Your assignment ▸
Lines from the line with "then show False" to the line with "(T :: 'r umod) f." in the entries below, and only those, must be output exactly, with both ends included.

Start of Block

lemma maxsub_if_maximal_avoiding:
  assumes M: "lmodule M" and N: "submod M N" and L: "maximal_avoiding M N x L"
    and x: "x \<in> N" and N_eq: "N \<subseteq> add_cyclic M L x"
  shows "maxsub (sub M N) L"
  unfolding maxsub_def sub_simps submod_sub_iff[OF N]
proof (intro conjI allI impI)
  show sL: "submod M L" and LN: "L \<subseteq> N" using L unfolding maximal_avoiding_def by blast+
  show "L \<noteq> N" using L x unfolding maximal_avoiding_def by blast
  have NM: "N \<subseteq> mcarrier M" using N by (rule submod_subset_carrier)
  fix L' assume "(submod M L' \<and> L' \<subseteq> N) \<and> L \<subseteq> L'"
  then have L': "submod M L'" "L' \<subseteq> N" "L \<subseteq> L'" by blast+
  have closed: "add_cyclic M L z \<subseteq> L'" if "z \<in> L'" for z
    using add_cyclic_least[OF M sL _ L'(1) L'(3) that] that L'(2) NM by blast
  show "L' = L \<or> L' = N"
  proof (cases "L' \<subseteq> L")
    case False
    then obtain z where z: "z \<in> L'" "z \<notin> L" by blast
    have "x \<in> L'"
      using mem_add_cyclic_if_maximal_avoiding[OF M N L _ z(2)] closed[OF z(1)] z(1) L'(2) by blast
    then show ?thesis using closed N_eq L'(2) by blast
  qed (use L'(3) in blast)
qed

lemma maxsub_zero_simple: "simple_mod S \<Longrightarrow> maxsub S {mzero S}"
  using zero_submod[of S] mzero_closed[of S] unfolding simple_mod_def maxsub_def by blast

lemma superfluous_subset_rad:
  assumes P: "lmodule P" and sup: "superfluous P K"
  shows "K \<subseteq> rad P"
proof -
  have K: "submod P K" using sup unfolding superfluous_def by blast
  have "K \<subseteq> L" if max: "maxsub P L" for L
  proof (rule ccontr)
    assume "\<not> K \<subseteq> L"
    then obtain k where k: "k \<in> K" "k \<notin> L" by blast
    have L: "submod P L" using max unfolding maxsub_def by blast
    have KL: "K \<union> L \<subseteq> mcarrier P" using K L submod_subset_carrier by blast
    have "L \<subseteq> span P (K \<union> L)" "k \<in> span P (K \<union> L)" using span_superset[OF P KL] k by blast+
    then have "span P (K \<union> L) = mcarrier P"
      using max span_submod[OF P] k(2) unfolding maxsub_def by blast
    then show False using sup L max unfolding superfluous_def maxsub_def by blast
  qed
  then show ?thesis unfolding rad_def using K submod_subset_carrier by blast
qed

section \<open>The torsion radical t_S and its Loewy length\<close>

abbreviation T_images :: "('r::ring_1) umod set \<Rightarrow> ('r, 'm) lmod \<Rightarrow> 'm set" where
  "T_images \<S> N \<equiv> \<Union> {f ` mcarrier T | (T :: 'r umod) f.
      lmodule T \<and> fin_gen T \<and> in_T \<S> T \<and> lhom T N f}"

lemma T_images_subset_carrier:
  fixes \<S> :: "('r::ring_1) umod set"
  shows "T_images \<S> N \<subseteq> mcarrier N"
proof
  fix y assume "y \<in> T_images \<S> N"
  then obtain T :: "'r umod" and f x where "lhom T N f" "x \<in> mcarrier T" "y = f x" by blast
  then show "y \<in> mcarrier N" using lhom_closed by metis
qed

End of Block

Solution to this exercise ▸
    then show False using sup L max unfolding superfluous_def maxsub_def by blast
  qed
  then show ?thesis unfolding rad_def using K submod_subset_carrier by blast
qed

section \<open>The torsion radical t_S and its Loewy length\<close>

abbreviation T_images :: "('r::ring_1) umod set \<Rightarrow> ('r, 'm) lmod \<Rightarrow> 'm set" where
  "T_images \<S> N \<equiv> \<Union> {f ` mcarrier T | (T :: 'r umod) f.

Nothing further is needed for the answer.